Stored data:
* * * * * * * * *

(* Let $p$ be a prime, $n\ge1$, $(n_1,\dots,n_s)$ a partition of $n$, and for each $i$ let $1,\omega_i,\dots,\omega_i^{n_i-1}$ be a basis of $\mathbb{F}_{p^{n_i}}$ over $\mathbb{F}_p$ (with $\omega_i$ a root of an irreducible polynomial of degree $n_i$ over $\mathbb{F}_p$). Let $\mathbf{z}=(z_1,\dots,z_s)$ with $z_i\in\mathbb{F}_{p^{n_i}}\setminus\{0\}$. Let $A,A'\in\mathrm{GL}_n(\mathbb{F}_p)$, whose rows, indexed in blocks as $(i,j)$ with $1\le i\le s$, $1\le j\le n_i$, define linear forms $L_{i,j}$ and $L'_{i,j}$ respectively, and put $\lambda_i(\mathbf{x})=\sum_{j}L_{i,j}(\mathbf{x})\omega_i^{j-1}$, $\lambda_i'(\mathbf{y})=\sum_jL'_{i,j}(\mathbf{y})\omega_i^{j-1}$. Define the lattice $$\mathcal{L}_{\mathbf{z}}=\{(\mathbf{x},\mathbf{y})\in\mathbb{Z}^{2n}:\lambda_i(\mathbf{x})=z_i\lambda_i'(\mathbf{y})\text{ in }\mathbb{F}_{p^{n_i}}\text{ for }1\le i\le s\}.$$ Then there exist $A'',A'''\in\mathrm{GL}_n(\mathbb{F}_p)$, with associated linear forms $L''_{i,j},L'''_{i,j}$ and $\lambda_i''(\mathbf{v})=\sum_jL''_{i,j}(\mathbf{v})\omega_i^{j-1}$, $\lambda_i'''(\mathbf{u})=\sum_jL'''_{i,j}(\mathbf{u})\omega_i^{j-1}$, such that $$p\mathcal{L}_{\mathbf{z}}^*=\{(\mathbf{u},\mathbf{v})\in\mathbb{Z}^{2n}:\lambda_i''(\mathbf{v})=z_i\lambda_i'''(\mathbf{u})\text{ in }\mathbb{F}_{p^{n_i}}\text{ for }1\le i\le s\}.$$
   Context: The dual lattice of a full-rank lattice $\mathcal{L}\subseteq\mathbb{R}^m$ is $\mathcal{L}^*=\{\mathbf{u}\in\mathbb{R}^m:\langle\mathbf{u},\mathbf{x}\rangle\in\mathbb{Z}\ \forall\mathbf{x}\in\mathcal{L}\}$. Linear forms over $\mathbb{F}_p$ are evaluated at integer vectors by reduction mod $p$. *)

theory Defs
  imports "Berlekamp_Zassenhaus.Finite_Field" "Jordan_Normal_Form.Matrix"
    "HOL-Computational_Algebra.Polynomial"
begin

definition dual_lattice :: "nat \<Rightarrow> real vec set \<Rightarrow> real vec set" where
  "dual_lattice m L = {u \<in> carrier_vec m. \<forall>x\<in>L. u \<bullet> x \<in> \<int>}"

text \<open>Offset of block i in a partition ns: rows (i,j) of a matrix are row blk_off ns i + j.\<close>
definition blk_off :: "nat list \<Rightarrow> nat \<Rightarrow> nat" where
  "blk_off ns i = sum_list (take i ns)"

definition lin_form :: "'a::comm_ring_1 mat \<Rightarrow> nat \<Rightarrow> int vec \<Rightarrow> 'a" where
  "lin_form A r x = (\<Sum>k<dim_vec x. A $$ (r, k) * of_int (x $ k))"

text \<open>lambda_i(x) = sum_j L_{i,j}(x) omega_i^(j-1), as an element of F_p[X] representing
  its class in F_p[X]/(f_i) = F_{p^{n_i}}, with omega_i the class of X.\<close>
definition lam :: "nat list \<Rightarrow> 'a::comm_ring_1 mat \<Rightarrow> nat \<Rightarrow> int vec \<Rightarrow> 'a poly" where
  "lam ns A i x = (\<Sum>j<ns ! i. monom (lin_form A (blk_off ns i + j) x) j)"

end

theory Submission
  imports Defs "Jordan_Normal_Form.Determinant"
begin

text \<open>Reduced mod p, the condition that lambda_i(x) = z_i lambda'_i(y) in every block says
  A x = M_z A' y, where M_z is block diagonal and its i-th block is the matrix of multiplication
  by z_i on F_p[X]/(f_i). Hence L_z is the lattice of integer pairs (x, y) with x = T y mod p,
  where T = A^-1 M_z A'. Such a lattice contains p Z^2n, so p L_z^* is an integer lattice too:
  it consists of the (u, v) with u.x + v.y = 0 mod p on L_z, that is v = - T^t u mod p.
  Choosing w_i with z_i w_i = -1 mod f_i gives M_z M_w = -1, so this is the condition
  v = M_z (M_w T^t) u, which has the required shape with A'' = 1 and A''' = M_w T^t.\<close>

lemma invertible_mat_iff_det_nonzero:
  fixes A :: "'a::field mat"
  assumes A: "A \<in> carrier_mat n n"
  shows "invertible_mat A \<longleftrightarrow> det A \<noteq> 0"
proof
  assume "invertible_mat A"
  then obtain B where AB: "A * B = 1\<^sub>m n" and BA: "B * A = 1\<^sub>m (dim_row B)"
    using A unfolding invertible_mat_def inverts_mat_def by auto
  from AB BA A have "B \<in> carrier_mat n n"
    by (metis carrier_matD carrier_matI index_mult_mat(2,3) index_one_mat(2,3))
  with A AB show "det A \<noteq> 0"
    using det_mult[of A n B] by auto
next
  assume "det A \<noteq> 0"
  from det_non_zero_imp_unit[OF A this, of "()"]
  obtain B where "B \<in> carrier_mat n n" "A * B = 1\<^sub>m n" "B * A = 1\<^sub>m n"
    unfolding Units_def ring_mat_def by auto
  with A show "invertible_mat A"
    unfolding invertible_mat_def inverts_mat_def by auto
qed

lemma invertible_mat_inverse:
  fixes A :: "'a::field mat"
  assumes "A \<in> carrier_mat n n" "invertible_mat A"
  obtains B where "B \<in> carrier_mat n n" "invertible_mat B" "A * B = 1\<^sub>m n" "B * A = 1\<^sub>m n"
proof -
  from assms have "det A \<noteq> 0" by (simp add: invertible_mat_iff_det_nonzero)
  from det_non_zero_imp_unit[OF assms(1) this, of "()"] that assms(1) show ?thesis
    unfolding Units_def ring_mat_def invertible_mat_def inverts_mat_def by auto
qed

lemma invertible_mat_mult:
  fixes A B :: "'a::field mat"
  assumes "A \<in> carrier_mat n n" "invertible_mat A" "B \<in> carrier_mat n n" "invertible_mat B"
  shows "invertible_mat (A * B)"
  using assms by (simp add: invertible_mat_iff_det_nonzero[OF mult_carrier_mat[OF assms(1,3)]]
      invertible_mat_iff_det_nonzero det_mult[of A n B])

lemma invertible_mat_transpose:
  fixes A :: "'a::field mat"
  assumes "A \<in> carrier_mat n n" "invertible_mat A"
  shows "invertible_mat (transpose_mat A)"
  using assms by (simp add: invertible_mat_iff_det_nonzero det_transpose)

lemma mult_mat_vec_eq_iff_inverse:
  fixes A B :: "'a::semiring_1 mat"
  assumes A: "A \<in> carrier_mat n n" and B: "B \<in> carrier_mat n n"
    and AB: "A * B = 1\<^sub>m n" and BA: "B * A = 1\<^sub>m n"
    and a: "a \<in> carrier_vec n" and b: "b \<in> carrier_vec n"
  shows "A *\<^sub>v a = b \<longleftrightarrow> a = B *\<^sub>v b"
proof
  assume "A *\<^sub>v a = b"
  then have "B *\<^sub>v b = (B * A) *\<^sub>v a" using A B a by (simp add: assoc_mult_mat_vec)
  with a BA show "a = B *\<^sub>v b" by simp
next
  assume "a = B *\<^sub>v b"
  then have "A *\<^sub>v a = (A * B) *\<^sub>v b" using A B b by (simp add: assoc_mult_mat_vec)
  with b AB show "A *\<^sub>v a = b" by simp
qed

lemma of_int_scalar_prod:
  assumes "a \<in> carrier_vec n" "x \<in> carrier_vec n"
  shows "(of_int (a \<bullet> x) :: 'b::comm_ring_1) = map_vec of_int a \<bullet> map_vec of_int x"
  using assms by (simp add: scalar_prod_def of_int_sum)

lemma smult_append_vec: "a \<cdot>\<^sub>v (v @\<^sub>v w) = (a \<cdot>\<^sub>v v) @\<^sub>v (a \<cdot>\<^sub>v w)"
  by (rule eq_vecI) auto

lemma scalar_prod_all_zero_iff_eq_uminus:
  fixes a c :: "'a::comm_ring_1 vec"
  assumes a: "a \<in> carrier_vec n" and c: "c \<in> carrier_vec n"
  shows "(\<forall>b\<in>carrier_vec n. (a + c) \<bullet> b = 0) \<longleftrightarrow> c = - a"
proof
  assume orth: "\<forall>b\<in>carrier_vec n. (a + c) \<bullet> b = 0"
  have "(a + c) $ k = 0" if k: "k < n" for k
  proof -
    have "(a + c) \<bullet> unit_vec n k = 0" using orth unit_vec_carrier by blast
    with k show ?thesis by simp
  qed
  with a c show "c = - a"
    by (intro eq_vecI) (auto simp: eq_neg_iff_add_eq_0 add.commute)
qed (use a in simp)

* * * * * * * * *

Gather up, from the records above, each line where the word "open" appears.

Exercise answer:
text \<open>Offset of block i in a partition ns: rows (i,j) of a matrix are row blk_off ns i + j.\<close>
text \<open>lambda_i(x) = sum_j L_{i,j}(x) omega_i^(j-1), as an element of F_p[X] representing
text \<open>Reduced mod p, the condition that lambda_i(x) = z_i lambda'_i(y) in every block says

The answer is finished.